Wednesday, April 7, 2010

Could the Peshawar Attack Backfire on the Taliban?

The Atlantic magazine has an article speculating that Monday's attack on the U.S. consulate in Peshawar, Pakistan, could turn out to be a strategic error on the part of the Taliban.

Why the Taliban's U.S. Consulate Bombing Could Backfire:

The Tehrik-i-Taliban Pakistan (TTP) has claimed credit for a devastating attack on the U.S. consulate in Peshawar, Pakistan, a city of three million just miles from the Afghan border. Could the Taliban group, despite its aim to topple Pakistan and expel the U.S., unintentionally do what the last three U.S. presidents have been unable to: Align Pakistani and U.S. interests against the Taliban and al-Qaeda?

-- snip --

Ironically, the militants that so threaten Pakistan are the state's own creation.
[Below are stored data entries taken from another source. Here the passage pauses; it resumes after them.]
(* Let $t,b,k$ be positive integers with $3\le k\le t$ and $\ell=bk/(t(t-1))$ an integer, and let $d^*$ be a circular neighbor-balanced design in $\Omega_{(t,b,k)}$. Then under model $(\mathcal{M}1)$ the information matrix for the total effects $\phi=\tau+\lambda$ is $$C_{d^*}[\phi]=\frac{b(k-2)}{2(t-1)}\,Q_t,\qquad Q_t=I_t-t^{-1}J_t.$$
   Context: Designs: $t$ treatments, $b$ linear blocks; block $i$ has inner plots $j=1,\dots,k$ and border plots $j=0,k+1$; $d(i,j)$ is the treatment on plot $(i,j)$; circular means $d(i,0)=d(i,k)$, $d(i,k+1)=d(i,1)$. $\Omega_{(t,b,k)}$ is the set of circular designs with $t$ treatments and $b$ blocks of length $k$. $J_t$ is the $t\times t$ all-ones matrix. Model $(\mathcal{M}1)$: responses $Y_{i,j}$ ($1\le i\le b$, $1\le j\le k$) uncorrelated with common variance, $\mathbb{E}(Y_{i,j})=\beta_i+\tau_{d(i,j)}+\lambda_{d(i,j-1)}$, i.e. $\mathbb{E}(Y)=B\beta+T_d\tau+L_d\lambda$ with $B$ block incidence and $T_d,L_d$ ($bk\times t$) having a single $1$ in row $(i,j)$ at column $d(i,j)$, resp. $d(i,j-1)$. $\phi=K'\alpha$ with $\alpha=(\tau',\lambda')'$, $K=\mathbf 1_2\otimes I_t$. Information matrix: with $A=(T_d\mid L_d)$, $X^+$ the Moore–Penrose inverse, $\mathrm{pr}_{(X)}=X(X'X)^+X'$, $\mathrm{pr}^\perp_{(X)}=I-\mathrm{pr}_{(X)}$, $M=I-K(K'K)^+K'$, $X_1=AK(K'K)^+$, $X_2=(AM\mid B)$: $C_d[\phi]=X_1'\mathrm{pr}^\perp_{(X_2)}X_1$. CNBD: a design in $\Omega_{(t,b,k)}$ that is binary (each treatment at most once among the inner plots of each block), a balanced block design (equal replication and each unordered pair of distinct treatments together in the same number of blocks), and such that for each ordered pair $(a,c)$ of distinct treatments exactly $\ell$ inner plots $(i,j)$ have $d(i,j)=a$, $d(i,j+1)=c$. *)

theory Defs
  imports "Jordan_Normal_Form.Matrix"
begin

text \<open>Moore-Penrose inverse of a real matrix: the unique X satisfying the four Penrose
  equations (for real matrices the conjugate transpose is the transpose).\<close>
definition mp_inv :: "real mat \<Rightarrow> real mat" where
  "mp_inv A = (THE X. X \<in> carrier_mat (dim_col A) (dim_row A) \<and>
       A * X * A = A \<and> X * A * X = X \<and>
       transpose_mat (A * X) = A * X \<and> transpose_mat (X * A) = X * A)"

definition pr_mat :: "real mat \<Rightarrow> real mat" where
  "pr_mat X = X * mp_inv (transpose_mat X * X) * transpose_mat X"

definition pr_perp :: "real mat \<Rightarrow> real mat" where
  "pr_perp X = 1\<^sub>m (dim_row X) - pr_mat X"

definition hcat :: "real mat \<Rightarrow> real mat \<Rightarrow> real mat" where
  "hcat X Y = mat (dim_row X) (dim_col X + dim_col Y)
     (\<lambda>(r, c). if c < dim_col X then X $$ (r, c) else Y $$ (r, c - dim_col X))"

definition J_mat :: "nat \<Rightarrow> real mat" where
  "J_mat n = mat n n (\<lambda>_. 1)"

text \<open>Blocks i < b, inner plots j < k (0-indexed; plot j here is plot j+1 of the
  paper), treatments 0..t-1. A circular design is determined by its inner plots: the left
  border plot of block i carries d i (k-1), the right border plot carries d i 0.
  Hence the left neighbour of inner plot j is plot (j + k - 1) mod k and the right
  neighbour is plot (j + 1) mod k.\<close>
definition design :: "nat \<Rightarrow> nat \<Rightarrow> nat \<Rightarrow> (nat \<Rightarrow> nat \<Rightarrow> nat) \<Rightarrow> bool" where
  "design t b k d \<longleftrightarrow> (\<forall>i<b. \<forall>j<k. d i j < t)"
During the Afghan civil war of the 1990s, Pakistan constructed along the Afghan border a vast infrastructure of madrassas and Islamic charities meant to train and fund an endless stream of militants ...... But in the years since, with [Ahmad Shah] Massoud now long gone, the fundamentalist insurgents have increasingly turned their efforts against Pakistan itself, which the insurgents see as too secular and too close to the U.S. The madrassa-opium-insurgency triangle functions as a self-sustaining and independent fighting force, which has careened out of Pakistan's control. Like Frankenstein's monster, the creation has grown too strong and turned against its creator.

-- snip --

The good news is that these [Talaban attacks on Pakistani targets] are spurring Pakistan to finally turn against the pro-Pakistan militants they've long supported or tolerated. In recent weeks, Pakistan has won praise from U.S. officials for arresting a string of Afghan Taliban leaders. As anti-Pakistan groups like the TTP continue to intermingle with state-nurtured militants like Jalaluddin Haqqani, Pakistan will no longer be able to turn a blind eye. Since the 1998 attacks on American embassies in Kenya, the U.S. has struggled and failed in lobbying Pakistan to turn against the Taliban and al-Qaeda. Hundreds of millions of dollars of U.S. aid money could not bring Pakistan around, but a common enemy just might.


I suppose stranger things have happened.

1 comment:

Anonymous said...

Thanks so much for this coverage!

And let's hope it does backfire.

My husband and I both watched the video - very sad and sobering. Loved that Diplopundit picked all this up, too!